lemma degree_disj_union_left:
  assumes "simple_graph G" "i < nverts G"
  shows "degree (disj_union G H) i = degree G i"
proof -
  have "{j. j < nverts G + nverts H \<and> adj (disj_union G H) i j} = {j. j < nverts G \<and> adj G i j}"
    using assms simple_graph_adj_less[OF assms(1), of i] by (auto simp: adj_disj_union intro: trans_less_add1)
  then show ?thesis by (simp add: degree_def)
qed

lemma degree_disj_union_right:
  assumes "simple_graph H" "nverts G \<le> i"
  shows "degree (disj_union G H) i = degree H (i - nverts G)"
proof -
  have "{j. j < nverts G + nverts H \<and> adj (disj_union G H) i j} =
      (\<lambda>q. q + nverts G) ` {q. q < nverts H \<and> adj H (i - nverts G) q}"
  proof (intro equalityI subsetI)
    fix j assume "j \<in> {j. j < nverts G + nverts H \<and> adj (disj_union G H) i j}"
    then show "j \<in> (\<lambda>q. q + nverts G) ` {q. q < nverts H \<and> adj H (i - nverts G) q}"
      using assms by (auto simp: adj_disj_union intro!: image_eqI[of _ _ "j - nverts G"])
  qed (use assms in \<open>auto simp: adj_disj_union\<close>)
  then show ?thesis by (simp add: degree_def card_image)
qed

lemma regular_disj_union:
  assumes "simple_graph G" "simple_graph H" "regular d G" "regular d H"
  shows "regular d (disj_union G H)"
  unfolding regular_def
proof (intro allI impI)
  fix i assume "i < nverts (disj_union G H)"
  then show "degree (disj_union G H) i = d"
    using assms by (cases "i < nverts G")
      (simp_all add: regular_def degree_disj_union_left degree_disj_union_right)
qed

section \<open>Joins with a complete graph\<close>

lemma adj_join_complete:
  "adj (graph_join (complete_graph m) Y) i j \<longleftrightarrow>
    (i < m \<and> j < m \<and> i \<noteq> j) \<or> (i < m \<and> m \<le> j \<and> j < m + nverts Y) \<or>
    (j < m \<and> m \<le> i \<and> i < m + nverts Y) \<or> (m \<le> i \<and> m \<le> j \<and> adj Y (i - m) (j - m))"
  by (auto simp: adj_graph_join adj_disj_union)

lemma adj_join_union_block:
  assumes "i \<in> {m..<m + nverts X}"
  shows "adj (graph_join (complete_graph m) (disj_union X H)) i j \<longleftrightarrow>
    j < m \<or> (j \<in> {m..<m + nverts X} \<and> adj X (i - m) (j - m))"
proof -
  have "m \<le> i" "i - m < nverts X" "i < m + (nverts X + nverts H)" using assms by auto
  then show ?thesis unfolding adj_join_complete adj_disj_union by auto
qed

lemma adj_join_union_off_block:
  assumes "i < m + (nverts X + nverts H)" "i \<notin> {m..<m + nverts X}" "j \<in> {m..<m + nverts X}"
  shows "adj (graph_join (complete_graph m) (disj_union X H)) i j \<longleftrightarrow> i < m"
proof -
  have "m \<le> j" "j - m < nverts X" "i < m \<or> nverts X \<le> i - m" using assms by auto
  then show ?thesis using assms(1) unfolding adj_join_complete adj_disj_union by auto
qed

lemma adj_join_union_cong:
  assumes "nverts X1 = nverts X2" "i \<notin> {m..<m + nverts X2} \<or> j \<notin> {m..<m + nverts X2}"
  shows "adj (graph_join (complete_graph m) (disj_union X1 H)) i j \<longleftrightarrow>
    adj (graph_join (complete_graph m) (disj_union X2 H)) i j"
proof -
  have "\<not> (i - m < nverts X2 \<and> j - m < nverts X2) \<or> i < m \<or> j < m" using assms(2) by auto
  then show ?thesis using assms(1) unfolding adj_join_complete adj_disj_union by auto
qed

lemma block_nbrs_join_union:
  assumes "i \<in> {m..<m + nverts X}"
  shows "{j \<in> {m..<m + nverts X}. adj (graph_join (complete_graph m) (disj_union X H)) i j} =
    (\<lambda>q. q + m) ` {q. q < nverts X \<and> adj X (i - m) q}"
proof (intro equalityI subsetI)
  fix j assume "j \<in> {j \<in> {m..<m + nverts X}. adj (graph_join (complete_graph m) (disj_union X H)) i j}"
  then have "j \<in> {m..<m + nverts X}" "adj X (i - m) (j - m)"
    using adj_join_union_block[OF assms, of H j] by auto
  then show "j \<in> (\<lambda>q. q + m) ` {q. q < nverts X \<and> adj X (i - m) q}"
    by (intro image_eqI[of _ _ "j - m"]) auto
next
  fix j assume "j \<in> (\<lambda>q. q + m) ` {q. q < nverts X \<and> adj X (i - m) q}"
  then obtain q where "j = q + m" "q < nverts X" "adj X (i - m) q" by blast
  then show "j \<in> {j \<in> {m..<m + nverts X}. adj (graph_join (complete_graph m) (disj_union X H)) i j}"
    using adj_join_union_block[OF assms, of H j] by simp
qed

lemma card_block_nbrs_join_union:
  assumes "i \<in> {m..<m + nverts X}"
  shows "card {j \<in> {m..<m + nverts X}. adj (graph_join (complete_graph m) (disj_union X H)) i j} =
    degree X (i - m)"
  unfolding block_nbrs_join_union[OF assms] by (simp add: card_image degree_def)

lemma degree_join_union_block:
  assumes "i \<in> {m..<m + nverts X}"
  shows "degree (graph_join (complete_graph m) (disj_union X H)) i = m + degree X (i - m)"
proof -
  let ?G = "graph_join (complete_graph m) (disj_union X H)"
  have "{j. j < nverts ?G \<and> adj ?G i j} = {..<m} \<union> {j \<in> {m..<m + nverts X}. adj ?G i j}"
    by (auto simp: adj_join_union_block[OF assms])
  then have "degree ?G i = card ({..<m} \<union> {j \<in> {m..<m + nverts X}. adj ?G i j})"
    by (simp add: degree_def)
  also have "\<dots> = m + card {j \<in> {m..<m + nverts X}. adj ?G i j}"
    by (subst card_Un_disjoint) auto
  finally show ?thesis using card_block_nbrs_join_union[OF assms, of H] by simp
qed

lemma degree_join_union_cong:
  assumes "nverts X1 = nverts X2" "i \<notin> {m..<m + nverts X2}"
  shows "degree (graph_join (complete_graph m) (disj_union X1 H)) i =
    degree (graph_join (complete_graph m) (disj_union X2 H)) i"
proof -
  have "{j. j < m + (nverts X2 + nverts H) \<and> adj (graph_join (complete_graph m) (disj_union X1 H)) i j} =
      {j. j < m + (nverts X2 + nverts H) \<and> adj (graph_join (complete_graph m) (disj_union X2 H)) i j}"
    using adj_join_union_cong[OF assms(1)] assms(2) by blast
  then show ?thesis by (simp add: degree_def assms(1))
qed

lemma A_alpha_carrier: "A_alpha \<alpha> G \<in> carrier_mat (nverts G) (nverts G)"
  by (simp add: A_alpha_def)

lemma A_alpha_index:
  assumes "i < nverts G" "j < nverts G"
  shows "A_alpha \<alpha> G $$ (i, j) =
    (if i = j then \<alpha> * real (degree G i) else 0) + (1 - \<alpha>) * (if adj G i j then 1 else 0)"
  using assms by (simp add: A_alpha_def)

lemma A_alpha_one_eq:
  assumes "nverts G1 = nverts G2" "\<And>i. degree G1 i = degree G2 i"
  shows "A_alpha 1 G1 = A_alpha 1 G2"
  using assms by (intro eq_matI) (simp_all add: A_alpha_def)

lemma equitable_block_A_alpha:
  assumes G: "simple_graph G" and "0 \<le> \<alpha>" "\<alpha> \<le> 1"
    and "S \<subseteq> {..<nverts G}" "S \<noteq> {}"
    and deg: "\<And>i. i \<in> S \<Longrightarrow> degree G i = d"
    and nbrs: "\<And>i. i \<in> S \<Longrightarrow> card {j \<in> S. adj G i j} = e"
    and uniform: "\<And>i j j'. i < nverts G \<Longrightarrow> i \<notin> S \<Longrightarrow> j \<in> S \<Longrightarrow> j' \<in> S \<Longrightarrow> adj G i j \<longleftrightarrow> adj G i j'"
  shows "equitable_block (\<lambda>i j. A_alpha \<alpha> G $$ (i, j)) (nverts G) S (\<alpha> * d + (1 - \<alpha>) * e)"
proof
  fix i j assume "i < nverts G" "j < nverts G"
  then show "A_alpha \<alpha> G $$ (i, j) = A_alpha \<alpha> G $$ (j, i)"
    by (simp add: A_alpha_index simple_graph_adj_commute[OF G])
next
  fix i j assume "i < nverts G" "j < nverts G"
  then show "0 \<le> A_alpha \<alpha> G $$ (i, j)" using \<open>0 \<le> \<alpha>\<close> \<open>\<alpha> \<le> 1\<close> by (simp add: A_alpha_index)
next
  fix i assume "i \<in> S"
  then have "(\<Sum>j\<in>S. A_alpha \<alpha> G $$ (i, j)) =
      (\<Sum>j\<in>S. (if i = j then \<alpha> * real (degree G i) else 0) + (1 - \<alpha>) * of_bool (adj G i j))"
    using \<open>S \<subseteq> {..<nverts G}\<close> by (intro sum.cong) (auto simp: A_alpha_index subset_iff)
  also have "\<dots> = \<alpha> * real (degree G i) + (1 - \<alpha>) * real (card {j \<in> S. adj G i j})"
    using \<open>i \<in> S\<close> \<open>S \<subseteq> {..<nverts G}\<close> finite_subset[OF \<open>S \<subseteq> {..<nverts G}\<close>]
    by (simp add: sum.distrib flip: sum_distrib_left) (simp add: Collect_conj_eq Int_commute)
  finally show "(\<Sum>j\<in>S. A_alpha \<alpha> G $$ (i, j)) = \<alpha> * d + (1 - \<alpha>) * e"
    using deg[OF \<open>i \<in> S\<close>] nbrs[OF \<open>i \<in> S\<close>] by simp
next
  fix i j j' assume "i < nverts G" "i \<notin> S" "j \<in> S" "j' \<in> S"
  then show "A_alpha \<alpha> G $$ (i, j) = A_alpha \<alpha> G $$ (i, j')"
    using \<open>S \<subseteq> {..<nverts G}\<close> uniform[of i j j'] by (auto simp: A_alpha_index subset_iff)
qed (use assms in auto)

lemma equitable_block_A_alpha_join_union:
  assumes "0 \<le> \<alpha>" "\<alpha> \<le> 1" "simple_graph X" "regular d X" "0 < nverts X" "simple_graph H"
  shows "equitable_block (\<lambda>i j. A_alpha \<alpha> (graph_join (complete_graph m) (disj_union X H)) $$ (i, j))
    (m + (nverts X + nverts H)) {m..<m + nverts X} (\<alpha> * real (m + d) + (1 - \<alpha>) * real d)"
proof -
  let ?G = "graph_join (complete_graph m) (disj_union X H)"
  have "equitable_block (\<lambda>i j. A_alpha \<alpha> ?G $$ (i, j)) (nverts ?G) {m..<m + nverts X}
    (\<alpha> * real (m + d) + (1 - \<alpha>) * real d)"
  proof (rule equitable_block_A_alpha)
    show "simple_graph ?G"
      by (intro simple_graph_graph_join simple_graph_complete_graph simple_graph_disj_union assms)
    show "degree ?G i = m + d" if "i \<in> {m..<m + nverts X}" for i
      using that assms(4) by (auto simp: degree_join_union_block regular_def)
    show "card {j \<in> {m..<m + nverts X}. adj ?G i j} = d" if "i \<in> {m..<m + nverts X}" for i
    proof -
      have "i - m < nverts X" using that by auto
      then show ?thesis using assms(4) card_block_nbrs_join_union[OF that, of H] by (simp add: regular_def)
    qed
    show "adj ?G i j \<longleftrightarrow> adj ?G i j'"
      if "i < nverts ?G" "i \<notin> {m..<m + nverts X}" "j \<in> {m..<m + nverts X}" "j' \<in> {m..<m + nverts X}"
      for i j j'
      using that adj_join_union_off_block[of i m X H] by simp
  qed (use assms in auto)
  then show ?thesis by simp
qed

theorem lambda1_A_alpha_join_regular_eq:
  assumes "0 \<le> \<alpha>" "\<alpha> \<le> 1" "0 < m"
    and X1: "simple_graph X1" "regular d X1" and X2: "simple_graph X2" "regular d X2"
    and same_order: "nverts X1 = nverts X2" and "0 < nverts X2" and H: "simple_graph H"
  shows "lambda1 (A_alpha \<alpha> (graph_join (complete_graph m) (disj_union X1 H))) =
    lambda1 (A_alpha \<alpha> (graph_join (complete_graph m) (disj_union X2 H)))"
proof -
  define G1 where "G1 = graph_join (complete_graph m) (disj_union X1 H)"
  define G2 where "G2 = graph_join (complete_graph m) (disj_union X2 H)"
  define N where "N = m + (nverts X2 + nverts H)"
  define S where "S = {m..<m + nverts X2}"
  have nverts: "nverts G1 = N" "nverts G2 = N"
    by (simp_all add: G1_def G2_def N_def same_order)
  have simple: "simple_graph G1" "simple_graph G2"
    unfolding G1_def G2_def
    by (intro simple_graph_graph_join simple_graph_complete_graph simple_graph_disj_union X1 X2 H)+
  have deg_block: "degree G1 i = m + d" "degree G2 i = m + d" if "i \<in> S" for i
    using that X1(2) X2(2) same_order
    by (auto simp: G1_def G2_def S_def degree_join_union_block regular_def)
  have deg: "degree G1 i = degree G2 i" for i
    using deg_block degree_join_union_cong[OF same_order] by (cases "i \<in> S") (auto simp: G1_def G2_def S_def)
  have agree: "A_alpha \<alpha> G1 $$ (i, j) = A_alpha \<alpha> G2 $$ (i, j)"
    if "i < N" "j < N" "i \<notin> S \<or> j \<notin> S" for i j
    using that deg adj_join_union_cong[OF same_order, of i m j H, folded G1_def G2_def]
    by (simp add: A_alpha_index nverts S_def)
  show ?thesis
  proof (cases "\<alpha> = 1")
    case True
    then show ?thesis using A_alpha_one_eq[of G1 G2] nverts deg by (simp add: G1_def G2_def)
  next
    case False
    define t where "t = \<alpha> * real (m + d) + (1 - \<alpha>) * real d"
    have eq1: "equitable_block (\<lambda>i j. A_alpha \<alpha> G1 $$ (i, j)) N S t"
      and eq2: "equitable_block (\<lambda>i j. A_alpha \<alpha> G2 $$ (i, j)) N S t"
      unfolding t_def N_def S_def G1_def G2_def
      using equitable_block_A_alpha_join_union[OF assms(1,2) X1 _ H, of m]
        equitable_block_A_alpha_join_union[OF assms(1,2) X2 \<open>0 < nverts X2\<close> H, of m]
        same_order \<open>0 < nverts X2\<close> by simp_all
    have "adj G1 0 m"
      using \<open>0 < m\<close> \<open>0 < nverts X2\<close> same_order adj_join_union_off_block[of 0 m X1 H m]
      by (simp add: G1_def)
    then have "0 < A_alpha \<alpha> G1 $$ (0, m)"
      using \<open>0 < m\<close> \<open>0 < nverts X2\<close> \<open>\<alpha> \<le> 1\<close> False by (simp add: A_alpha_index nverts N_def)
    then have "lambda1 (A_alpha \<alpha> G1) = lambda1 (A_alpha \<alpha> G2)"
      using \<open>0 < m\<close> \<open>0 < nverts X2\<close>
      by (intro lambda1_eq_if_agree_off_block[OF A_alpha_carrier[of \<alpha> G1, unfolded nverts]
          A_alpha_carrier[of \<alpha> G2, unfolded nverts] eq1 eq2 agree, where p = 0 and q = m])
        (auto simp: N_def S_def)
    then show ?thesis by (simp add: G1_def G2_def)
  qed
qed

Task item
Given the records above, return exactly the lines starting at the line containing "define G1 where" and ending at the line containing "using deg_block degree_join_union_cong[OF", including both.

Exercise response
  define G1 where "G1 = graph_join (complete_graph m) (disj_union X1 H)"
  define G2 where "G2 = graph_join (complete_graph m) (disj_union X2 H)"
  define N where "N = m + (nverts X2 + nverts H)"
  define S where "S = {m..<m + nverts X2}"
  have nverts: "nverts G1 = N" "nverts G2 = N"
    by (simp_all add: G1_def G2_def N_def same_order)
  have simple: "simple_graph G1" "simple_graph G2"
    unfolding G1_def G2_def
    by (intro simple_graph_graph_join simple_graph_complete_graph simple_graph_disj_union X1 X2 H)+
  have deg_block: "degree G1 i = m + d" "degree G2 i = m + d" if "i \<in> S" for i
    using that X1(2) X2(2) same_order
    by (auto simp: G1_def G2_def S_def degree_join_union_block regular_def)
  have deg: "degree G1 i = degree G2 i" for i
    using deg_block degree_join_union_cong[OF same_order] by (cases "i \<in> S") (auto simp: G1_def G2_def S_def)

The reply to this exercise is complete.